• **EXERCISE OBJECTIVE**:
Work out how many lines of the material below mention the word "lemma"; reply with the number only.

• **INFORMATION PROVIDED**:
(* Let $m\ge1$ be an integer, $h\in\mathbb{R}$, and let $y_1,y_2,\dots$ be i.i.d. real random variables under a probability measure $\mathbb{P}_\infty$, where $y_i=\mathrm{LLR}(i)=\ln\big(f_1(x_i)/f_0(x_i)\big)$ with $x_1,x_2,\dots$ i.i.d. with density $f_0$ under $\mathbb{P}_\infty$. For $n\ge m$ let $S_n=\sum_{i=n-m+1}^{n}y_i$. Let $k\ge m$ and $N>k$ be integers. Then $$\mathbb{P}_\infty\Big(\bigcap_{i=k}^{k+N-1}\{S_i<h\}\Big)\ \ge\ \big[\mathbb{P}_\infty(S_m<h)\big]^N.$$
   Context: $f_0, f_1$ are probability density functions on $\mathbb{R}$ such that the log-likelihood ratios are well-defined real random variables. *)

theory Defs
  imports "HOL-Probability.Probability"
begin

definition LLR :: "(real \<Rightarrow> real) \<Rightarrow> (real \<Rightarrow> real) \<Rightarrow> (nat \<Rightarrow> 'a \<Rightarrow> real) \<Rightarrow> nat \<Rightarrow> 'a \<Rightarrow> real" where
  "LLR f0 f1 X i \<omega> = ln (f1 (X i \<omega>) / f0 (X i \<omega>))"

definition window_sum :: "nat \<Rightarrow> (nat \<Rightarrow> 'a \<Rightarrow> real) \<Rightarrow> nat \<Rightarrow> 'a \<Rightarrow> real" where
  "window_sum m y n \<omega> = (\<Sum>i\<in>{n - m + 1..n}. y i \<omega>)"

end

theory Submission
  imports Defs
begin

text \<open>The sliding sums \<open>S\<^sub>i\<close> are nondecreasing functions of the i.i.d. observations
  \<open>y\<^sub>1, y\<^sub>2, \<dots>\<close>, so each event \<open>{S\<^sub>i < h}\<close> is a decreasing event of
  finitely many of them. By Harris' inequality (the FKG inequality for product measures on a
  linear order) decreasing events are positively correlated, so the probability of their
  intersection is at least the product of their probabilities; by stationarity each factor
  equals \<open>P(S\<^sub>m < h)\<close>.\<close>

lemma (in prob_space) integrable_unit_interval:
  fixes f :: "'a \<Rightarrow> real"
  assumes "f \<in> borel_measurable M" "\<And>x. x \<in> space M \<Longrightarrow> f x \<in> {0..1}"
  shows "integrable M f"
  using assms by (intro integrable_const_bound[where B=1]) auto

lemma (in prob_space) expectation_unit_interval:
  fixes f :: "'a \<Rightarrow> real"
  assumes "f \<in> borel_measurable M" "\<And>x. x \<in> space M \<Longrightarrow> f x \<in> {0..1}"
  shows "expectation f \<in> {0..1}"
  using assms integrable_unit_interval[OF assms]
  by (auto intro!: integral_ge_const integral_le_const)

text \<open>With \<open>c = E f\<close> and \<open>d\<close> a value of \<open>g\<close> separating
  \<open>{f > c}\<close> from \<open>{f < c}\<close>, the product \<open>(f - c) * (g - d)\<close> is pointwise nonnegative.\<close>
lemma (in prob_space) expectation_mult_ge_similarly_ordered:
  fixes f g :: "'a \<Rightarrow> real"
  assumes fm: "f \<in> borel_measurable M" and gm: "g \<in> borel_measurable M"
    and f01: "\<And>s. s \<in> space M \<Longrightarrow> f s \<in> {0..1}"
    and g01: "\<And>s. s \<in> space M \<Longrightarrow> g s \<in> {0..1}"
    and ordered: "\<And>s t. s \<in> space M \<Longrightarrow> t \<in> space M \<Longrightarrow> f t < f s \<Longrightarrow> g t \<le> g s"
  shows "expectation f * expectation g \<le> expectation (\<lambda>s. f s * g s)"
proof -
  define c where "c = expectation f"
  define A where "A = {g s | s. s \<in> space M \<and> f s > c}"
  define d where "d = (if A = {} then 1 else Inf A)"
  have bdd: "bdd_below A" unfolding A_def using g01 by (auto intro!: bdd_belowI[of _ 0])
  have above: "d \<le> g s" if "s \<in> space M" "f s > c" for s
  proof -
    have "g s \<in> A" using that unfolding A_def by auto
    then show ?thesis unfolding d_def using bdd by (auto intro: cInf_lower)
  qed
  have below: "g s \<le> d" if s: "s \<in> space M" "f s < c" for s
  proof (cases "A = {}")
    case True
    then show ?thesis using g01[OF s(1)] unfolding d_def by simp
  next
    case False
    have "g s \<le> Inf A"
    proof (rule cInf_greatest[OF False])
      fix a assume "a \<in> A"
      then obtain t where "t \<in> space M" "f t > c" "a = g t" unfolding A_def by auto
      then show "g s \<le> a" using ordered[of t s] s by simp
    qed
    then show ?thesis using False unfolding d_def by simp
  qed
  have nonneg: "0 \<le> (f s - c) * (g s - d)" if "s \<in> space M" for s
    using above[OF that] below[OF that] by (cases "f s" c rule: linorder_cases) (auto intro: mult_nonpos_nonpos)
  have intf: "integrable M f" and intg: "integrable M g" and intfg: "integrable M (\<lambda>s. f s * g s)"
    using fm gm f01 g01 by (auto intro!: integrable_unit_interval mult_le_one)
  have "0 \<le> expectation (\<lambda>s. (f s - c) * (g s - d))"
    using nonneg by (intro integral_nonneg_AE) auto
  also have "expectation (\<lambda>s. (f s - c) * (g s - d)) = expectation (\<lambda>s. f s * g s - d * f s - c * g s + c * d)"
    by (rule Bochner_Integration.integral_cong) (auto simp: algebra_simps)
  also have "\<dots> = expectation (\<lambda>s. f s * g s) - d * c - c * expectation g + c * d"
    using intf intg intfg unfolding c_def by (simp add: prob_space)
  finally show ?thesis unfolding c_def by (simp add: algebra_simps)
qed

lemma update_in_space_PiM:
  assumes "y \<in> space (PiM I (\<lambda>_. Q))" "i \<notin> I" "space Q = UNIV"
  shows "y(i := t) \<in> space (PiM (insert i I) (\<lambda>_. Q))"
  using measurable_space[OF measurable_component_update[OF assms(1,2)], of t] assms(3) by simp

lemma antimono_section:
  fixes f :: "('i \<Rightarrow> 'b::order) \<Rightarrow> real"
  assumes "antimono_on (space (PiM (insert i I) (\<lambda>_. Q))) f"
    and "y \<in> space (PiM I (\<lambda>_. Q))" "i \<notin> I" "space Q = UNIV" and "s \<le> t"
  shows "f (y(i := t)) \<le> f (y(i := s))"
proof (rule monotone_onD[OF assms(1)])
  show "y(i := s) \<le> y(i := t)" using assms(5) by (simp add: le_fun_def)
qed (use update_in_space_PiM[OF assms(2-4)] in auto)

lemma borel_measurable_integral_section:
  fixes f :: "('i \<Rightarrow> 'b) \<Rightarrow> real"
  assumes "prob_space Q" and [measurable]: "f \<in> borel_measurable (PiM (insert i I) (\<lambda>_. Q))"
  shows "(\<lambda>y. \<integral>t. f (y(i := t)) \<partial>Q) \<in> borel_measurable (PiM I (\<lambda>_. Q))"
  using prob_space_imp_sigma_finite[OF assms(1)]
  by (rule sigma_finite_measure.borel_measurable_lebesgue_integral[where f="\<lambda>y t. f (y(i := t))"])
    simp

lemma
  fixes f :: "('i \<Rightarrow> 'b) \<Rightarrow> real"
  assumes Q: "prob_space Q" "space Q = UNIV" and i: "i \<notin> I"
    and fm: "f \<in> borel_measurable (PiM (insert i I) (\<lambda>_. Q))"
    and f01: "\<And>x. x \<in> space (PiM (insert i I) (\<lambda>_. Q)) \<Longrightarrow> f x \<in> {0..1}"
    and y: "y \<in> space (PiM I (\<lambda>_. Q))"
  shows integrable_section: "integrable Q (\<lambda>t. f (y(i := t)))"
    and integral_section_unit_interval: "(\<integral>t. f (y(i := t)) \<partial>Q) \<in> {0..1}"
proof -
  have m: "(\<lambda>t. f (y(i := t))) \<in> borel_measurable Q"
    using measurable_compose[OF measurable_component_update[OF y i] fm] by (simp add: comp_def)
  have b: "f (y(i := t)) \<in> {0..1}" for t
    using f01 update_in_space_PiM[OF y i Q(2)] by blast
  show "integrable Q (\<lambda>t. f (y(i := t)))"
    using m b by (rule prob_space.integrable_unit_interval[OF Q(1)])
  show "(\<integral>t. f (y(i := t)) \<partial>Q) \<in> {0..1}"
    using m b by (rule prob_space.expectation_unit_interval[OF Q(1)])
qed

lemma antimono_integral_section:
  fixes f :: "('i \<Rightarrow> 'b::order) \<Rightarrow> real"
  assumes Q: "prob_space Q" "space Q = UNIV" and i: "i \<notin> I"
    and fm: "f \<in> borel_measurable (PiM (insert i I) (\<lambda>_. Q))"
    and f01: "\<And>x. x \<in> space (PiM (insert i I) (\<lambda>_. Q)) \<Longrightarrow> f x \<in> {0..1}"
    and anti: "antimono_on (space (PiM (insert i I) (\<lambda>_. Q))) f"
  shows "antimono_on (space (PiM I (\<lambda>_. Q))) (\<lambda>y. \<integral>t. f (y(i := t)) \<partial>Q)"
proof (intro monotone_onI)
  fix x y assume xy: "x \<in> space (PiM I (\<lambda>_. Q))" "y \<in> space (PiM I (\<lambda>_. Q))" "x \<le> y"
  show "(\<integral>t. f (y(i := t)) \<partial>Q) \<le> (\<integral>t. f (x(i := t)) \<partial>Q)"
  proof (rule integral_mono)
    show "integrable Q (\<lambda>t. f (y(i := t)))" "integrable Q (\<lambda>t. f (x(i := t)))"
      using integrable_section[OF Q i fm f01] xy by auto
    show "f (y(i := t)) \<le> f (x(i := t))" for t
    proof (rule monotone_onD[OF anti])
      show "x(i := t) \<le> y(i := t)" using xy(3) by (simp add: le_fun_def)
    qed (use xy update_in_space_PiM[OF _ i Q(2)] in auto)
  qed
qed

• **ANSWER TO THE PROBLEM**:
8